It really depends on the material and the job.  Enco has pretty good explanation of the different roughers and their uses.  I normally buy 2 to 5 at a time depending on how low my stock is, this is true for any cutters I buy.  It really sucks to be in the middle of a job and break or wear out a cutter and not have a replacement to finish.


----------



## markknx (Apr 7, 2015)

I never place an order without adding a couple of cutters, I check to see what I have the least of or want to add. And I have a small machine if I had a big machine I would need even more cutters.
Jim I'm with you on the Machinist thing. I'm more of a hog it out till it works guy. well maybe not that bad.
Mark


----------



## countryguy (Apr 8, 2015)

I much prefer Electron flow personally, but this is such a fun hobby/craft that to learn!   Thanks all.   I bought some chip breakers from Melin/Amazon.  US based and US owned and Operated.  Trying to always buy US when I can.  then someone miss keyed a price on 3/4 coated CB type for $15 on Amazon....(I think they should be $51)  I bought 2 of the 3 in stock    And the 5/8" for $37.    

Will still plan on trying a single area clear of 3 today w/ this 4 flute un-coated.


----------



## Wreck™Wreck (Apr 8, 2015)

countryguy said:


> Could you share some insight on DOC and WOC values and SFm's you'd suggest ?


Not enough info supplied on your machining conditions and machine or the size of the part.

Start with a low feed rate and if it runs well start bumping up the feed overide, if the spindle speed seems off, wait until it is in a non cutting move and feed hold it then adjust the speed.


----------



## countryguy (Apr 9, 2015)

That was easy enough!  The 30taper is a Huge improvement over the hobby mill.    I did take the full .125 depth and a .15 cutover (if I recall)... That was like popping thru butter as someone noted.  Chips coming off were fine on 581 RPM and 5.5IPM 95SFM and .0024 IPT.   Nice!!!!  Could easily take more but it's' our maiden voyage!    Here's a video!   



        I get what 'hoggin' feels like now.  LOL.  

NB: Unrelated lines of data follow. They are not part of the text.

lemma ip_Cauchy_Schwarz:
  assumes "L2 \<Omega> f" "L2 \<Omega> g"
  shows "\<bar>ip \<Omega> f g\<bar> \<le> nrm \<Omega> f * nrm \<Omega> g"
proof -
  have quadratic: "0 \<le> ip \<Omega> f f * t\<^sup>2 + 2 * ip \<Omega> f g * t + ip \<Omega> g g" for t
  proof -
    have "0 \<le> ip \<Omega> (\<lambda>x. t * f x + 1 * g x) (\<lambda>x. t * f x + 1 * g x)" by (rule ip_self_nonneg)
    also have "\<dots> = t * (t * ip \<Omega> f f + 1 * ip \<Omega> f g) + 1 * (t * ip \<Omega> g f + 1 * ip \<Omega> g g)"
      by (simp only: ip_lin1[OF assms L2_lin[OF assms]] ip_lin2[OF assms assms(1)] ip_lin2[OF assms assms(2)])
    finally show ?thesis by (simp add: ip_sym[of \<Omega> g f] power2_eq_square algebra_simps)
  qed
  have "(ip \<Omega> f g)\<^sup>2 \<le> ip \<Omega> f f * ip \<Omega> g g"
  proof (cases "ip \<Omega> f f = 0")
    case True
    have "ip \<Omega> f g = 0"
    proof (rule ccontr)
      assume "ip \<Omega> f g \<noteq> 0"
      then show False
        using quadratic[of "- (ip \<Omega> g g + 1) / (2 * ip \<Omega> f g)"] True by simp
    qed
    then show ?thesis using ip_self_nonneg[of \<Omega> f] ip_self_nonneg[of \<Omega> g] by simp
  next
    case False
    then have pos: "ip \<Omega> f f > 0" using ip_self_nonneg[of \<Omega> f] by simp
    have "0 \<le> ip \<Omega> g g - (ip \<Omega> f g)\<^sup>2 / ip \<Omega> f f"
      using quadratic[of "- ip \<Omega> f g / ip \<Omega> f f"] pos by (simp add: power2_eq_square field_simps)
    then show ?thesis using pos by (simp add: field_simps)
  qed
  then have "sqrt ((ip \<Omega> f g)\<^sup>2) \<le> sqrt (ip \<Omega> f f * ip \<Omega> g g)"
    by (rule real_sqrt_le_mono)
  then show ?thesis by (simp add: nrm_def real_sqrt_mult)
qed

lemma nrm_triangle:
  assumes "L2 \<Omega> f" "L2 \<Omega> g"
  shows "nrm \<Omega> (\<lambda>x. f x + g x) \<le> nrm \<Omega> f + nrm \<Omega> g"
proof -
  have "(nrm \<Omega> (\<lambda>x. f x + g x))\<^sup>2 = ip \<Omega> f f + 2 * ip \<Omega> f g + ip \<Omega> g g"
    using assms L2_add[OF assms] by (simp add: nrm_sq ip_add1 ip_add2 ip_sym[of \<Omega> g f])
  also have "\<dots> \<le> (nrm \<Omega> f)\<^sup>2 + 2 * (nrm \<Omega> f * nrm \<Omega> g) + (nrm \<Omega> g)\<^sup>2"
    using ip_Cauchy_Schwarz[OF assms] by (simp add: nrm_sq)
  also have "\<dots> = (nrm \<Omega> f + nrm \<Omega> g)\<^sup>2" by (simp add: power2_eq_square algebra_simps)
  finally show ?thesis
    using nrm_nonneg[of \<Omega>] by (meson add_nonneg_nonneg power2_le_imp_le)
qed

lemma nrm_scale: "nrm \<Omega> (\<lambda>x. c * f x) = \<bar>c\<bar> * nrm \<Omega> f"
  by (simp add: nrm_def ip_scale1 ip_scale2 real_sqrt_mult flip: power2_eq_square mult.assoc)

lemma nrm_diff_commute: "nrm \<Omega> (\<lambda>x. f x - g x) = nrm \<Omega> (\<lambda>x. g x - f x)"
  unfolding nrm_def ip_def by (simp add: algebra_simps)

lemma nrm_reverse_triangle:
  assumes "L2 \<Omega> f" "L2 \<Omega> g"
  shows "\<bar>nrm \<Omega> f - nrm \<Omega> g\<bar> \<le> nrm \<Omega> (\<lambda>x. f x - g x)"
  using nrm_triangle[OF L2_diff[OF assms] assms(2)] nrm_triangle[OF L2_diff[OF assms(2,1)] assms(1)]
    nrm_diff_commute[of \<Omega> g f]
  by simp

lemma nrm_cong_AE:
  assumes "AE x in lebesgue_on \<Omega>. f x = g x"
    and "f \<in> borel_measurable (lebesgue_on \<Omega>)" "g \<in> borel_measurable (lebesgue_on \<Omega>)"
  shows "nrm \<Omega> f = nrm \<Omega> g"
proof -
  have "AE x in lebesgue_on \<Omega>. f x * f x = g x * g x" using assms(1) by eventually_elim simp
  then have "integral\<^sup>L (lebesgue_on \<Omega>) (\<lambda>x. f x * f x) = integral\<^sup>L (lebesgue_on \<Omega>) (\<lambda>x. g x * g x)"
    by (intro integral_cong_AE borel_measurable_times assms(2,3))
  then show ?thesis by (simp add: nrm_def ip_def)
qed

lemma nrm_sum_le:
  "finite B \<Longrightarrow> (\<And>b. b \<in> B \<Longrightarrow> L2 \<Omega> (F b)) \<Longrightarrow>
    nrm \<Omega> (\<lambda>x. \<Sum>b\<in>B. c b * F b x) \<le> (\<Sum>b\<in>B. \<bar>c b\<bar> * nrm \<Omega> (F b))"
proof (induction B rule: finite_induct)
  case empty
  then show ?case by (simp add: nrm_def ip_def)
next
  case (insert b B)
  have "nrm \<Omega> (\<lambda>x. \<Sum>b\<in>insert b B. c b * F b x) \<le> nrm \<Omega> (\<lambda>x. c b * F b x) + nrm \<Omega> (\<lambda>x. \<Sum>b\<in>B. c b * F b x)"
    using insert by (simp add: nrm_triangle L2_scale L2_sum)
  then show ?case using insert by (simp add: nrm_scale)
qed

I wonder how well she'll do w/ 1045 steel and the kids axe cuts?


----------



## JimDawson (Apr 9, 2015)

Your video is set to private, so we can't see it.


----------



## countryguy (Apr 9, 2015)

Sorry.  I'm not on usually. I set it to unlisted now.  Should work.  



JimDawson said:


> Your video is set to private, so we can't see it.


----------



## JimDawson (Apr 9, 2015)

That's cool!  Looks like it works.  That's a pretty stable machine, it will make piles of chips in a hurry.


----------



## countryguy (Apr 9, 2015)

I pulled out the Rougher to see what it looked like.  This anything to worry about?  It obviously mushed over swarf and packed it into the non-center cutting middle.


----------



## countryguy (Apr 9, 2015)

I was able to pop it all out w/ a small pointed awl type tip.   ;-)    Sorry to keep dragging this post on and on, but it's all about learning and learning and then teaching and Mentoring.  ;-)


----------



## JimDawson (Apr 9, 2015)

countryguy said:


> I am not able to pop it out at all.  bummer... did I ruin a less than 12hour old endMill?  ;-(



I think the problem is that you were plunging with a non-centercutting end mill, and a lack of coolant. 

There are three ways around this.

One of course is to use a centercutting end mill, but end mills really don't like to be drill bits, they tend to walk a bit.

Another is to use a 15 degree lead-in move on the cut, ramp the Z-cut down into the work as the X/Y is moving, thus the end mill is not plunging straight down. This is normally an option in the CAD software.

One of my favorite tricks is to drill a hole at the plunge point almost to the target depth, using a drill or a center cutting 2-flute end mill.

A mist coolant system will be helpful also.


----------